The Accidental Feminist: How Elizabeth Taylor Raised Our Consciousness and We Were Too Distracted By Her Beauty to Notice M. G. Lord 2012
There is some disparity between the way critics and philosophers like Judith Butler view Cindy Sherman's work and the way that Cindy Sherman speaks of her photographs. It may be the disparity that exists between many modern artists, who often operate on an intuitive level, and the philosopher critics who comment upon them from a theoretical perspective or a pre-established framework. On one level, Cindy Sherman may only be playing "dress-up" (as she herself admits) in her famous History Portraits (1989-90) (Berne, 2003). On another level, however, her "dressing-up" may be indicative of a deeper problem in modern gender identity theory which is the problem of "becoming" woman (Butler, 1994) or, as Judith Butler sees it, the problem of performativity. In the History Portraits, Sherman may certainly be said to be "performing" and perhaps even attempting to "become" the male and female characters she represents in her work. Indeed, it is upon such a premise that philosopher critics and gender theorists find her work so engaging. This paper will examine Cindy Sherman and her History Portraits in relation to Judith Butler's gender theory, the portrayal of the self, and how gender identity has changed throughout the course of modern history. It will examine representations of womanhood from Romantic Idealism to Post-Modernism and will also
Since its humble beginnings in the later years of the nineteenth century, film has undergone many changes. One thing that has never changed is the filmmaker’s interest in representing society in the present day. For better or worse, film has a habit of showing the world just what it values the most. In recent years, scholars have begun to pay attention to what kinds of ideas films are portraying (Stern, Steven E. and Handel, 284). Alarmingly, viewers, especially young women, are increasingly influenced by the lifestyle choices and attitudes that they learn from watching these films (Steele, 331). An example of this can be seen in a popular trope of the “romantic comedy” genre in this day and age: the powerful man doing something to help, or “save” the less powerful woman, representing a troubling “sexual double standard” (Smith, Stacy L, Pieper, Granados, Choueiti, 783).

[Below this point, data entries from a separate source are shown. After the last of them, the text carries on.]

lemma e_vadd:
  assumes "z \<in> F2" "z' \<in> F2" "x \<in> F2"
  shows "e (vadd R z z') x = e z x * e z' x"
proof -
  have "dot R (vadd R z z') x = dot R z x \<oplus> dot R z' x"
    using assms unfolding dot_def vadd_def by (cases z, cases z', cases x) (simp, algebra)
  then show ?thesis using assms by (simp add: e_def chi_add dot_closed vadd_closed)
qed

lemma e_orthogonal:
  assumes "z \<in> F2" "z' \<in> F2"
  shows "(\<Sum>x\<in>F2. e z x * cnj (e z' x)) = (if z = z' then of_nat q ^ 2 else 0)"
  using sum_e[OF vsub_closed[OF assms]] vsub_eq_zero_iff[OF assms] assms
  by (simp add: e_vsub[symmetric])

lemma plancherel:
  "(\<Sum>x\<in>F2. (cmod (\<Sum>z\<in>F2. c z * e z x))\<^sup>2) = real q ^ 2 * (\<Sum>z\<in>F2. (cmod (c z))\<^sup>2)"
proof -
  have "complex_of_real (\<Sum>x\<in>F2. (cmod (\<Sum>z\<in>F2. c z * e z x))\<^sup>2)
      = (\<Sum>x\<in>F2. (\<Sum>z\<in>F2. c z * e z x) * cnj (\<Sum>z\<in>F2. c z * e z x))"
    by (simp only: of_real_sum complex_norm_square)
  also have "\<dots> = (\<Sum>x\<in>F2. \<Sum>z\<in>F2. \<Sum>z'\<in>F2. c z * cnj (c z') * (e z x * cnj (e z' x)))"
    by (simp add: sum_product algebra_simps)
  also have "\<dots> = (\<Sum>z\<in>F2. \<Sum>x\<in>F2. \<Sum>z'\<in>F2. c z * cnj (c z') * (e z x * cnj (e z' x)))"
    by (rule sum.swap)
  also have "\<dots> = (\<Sum>z\<in>F2. \<Sum>z'\<in>F2. \<Sum>x\<in>F2. c z * cnj (c z') * (e z x * cnj (e z' x)))"
    by (intro sum.cong refl sum.swap)
  also have "\<dots> = (\<Sum>z\<in>F2. \<Sum>z'\<in>F2. c z * cnj (c z') * (\<Sum>x\<in>F2. e z x * cnj (e z' x)))"
    by (simp add: sum_distrib_left)
  also have "\<dots> = (\<Sum>z\<in>F2. c z * cnj (c z) * of_nat q ^ 2)"
    by (intro sum.cong refl) (simp add: e_orthogonal if_distrib sum.delta'[OF finite_F2] cong: if_cong)
  also have "\<dots> = of_nat q ^ 2 * (\<Sum>z\<in>F2. c z * cnj (c z))"
    by (simp add: sum_distrib_left algebra_simps)
  also have "(\<Sum>z\<in>F2. c z * cnj (c z)) = complex_of_real (\<Sum>z\<in>F2. (cmod (c z))\<^sup>2)"
    by (simp only: of_real_sum complex_norm_square)
  also have "of_nat q ^ 2 * complex_of_real (\<Sum>z\<in>F2. (cmod (c z))\<^sup>2)
      = complex_of_real (real q ^ 2 * (\<Sum>z\<in>F2. (cmod (c z))\<^sup>2))"
    by simp
  finally show ?thesis by (simp only: of_real_eq_iff)
qed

The film, Mona Lisa Smiles, is actually in the 1950’s era it’s displays story associated with art teacher who teaches preservation college students to question their traditional and social roles. Her aim is to change the old fashioned and traditional ideas influencing the mind of young females. The film displays cultural and social ideologies influencing young female intelligence. It indicated exactly how societal pressures along with acceptability are able to have an effect on young female actions and thinking process as well.
She's a really contemporary female, particularly for the 1950s. She brought her California design to the university and it is incredibly enthusiastic about each arts as well as the pupils of her. Watson thinks which the pupils of her are bright and young and may do a lot with the day of theirs. The cultural conformity they are supposed to be to focuses on after matrimony for females. Although an extremely good connect is produced in between the mentor as well as pupils, Watson's perceptions are actually. very contemporary as well as incompatible together with the primary society of this university.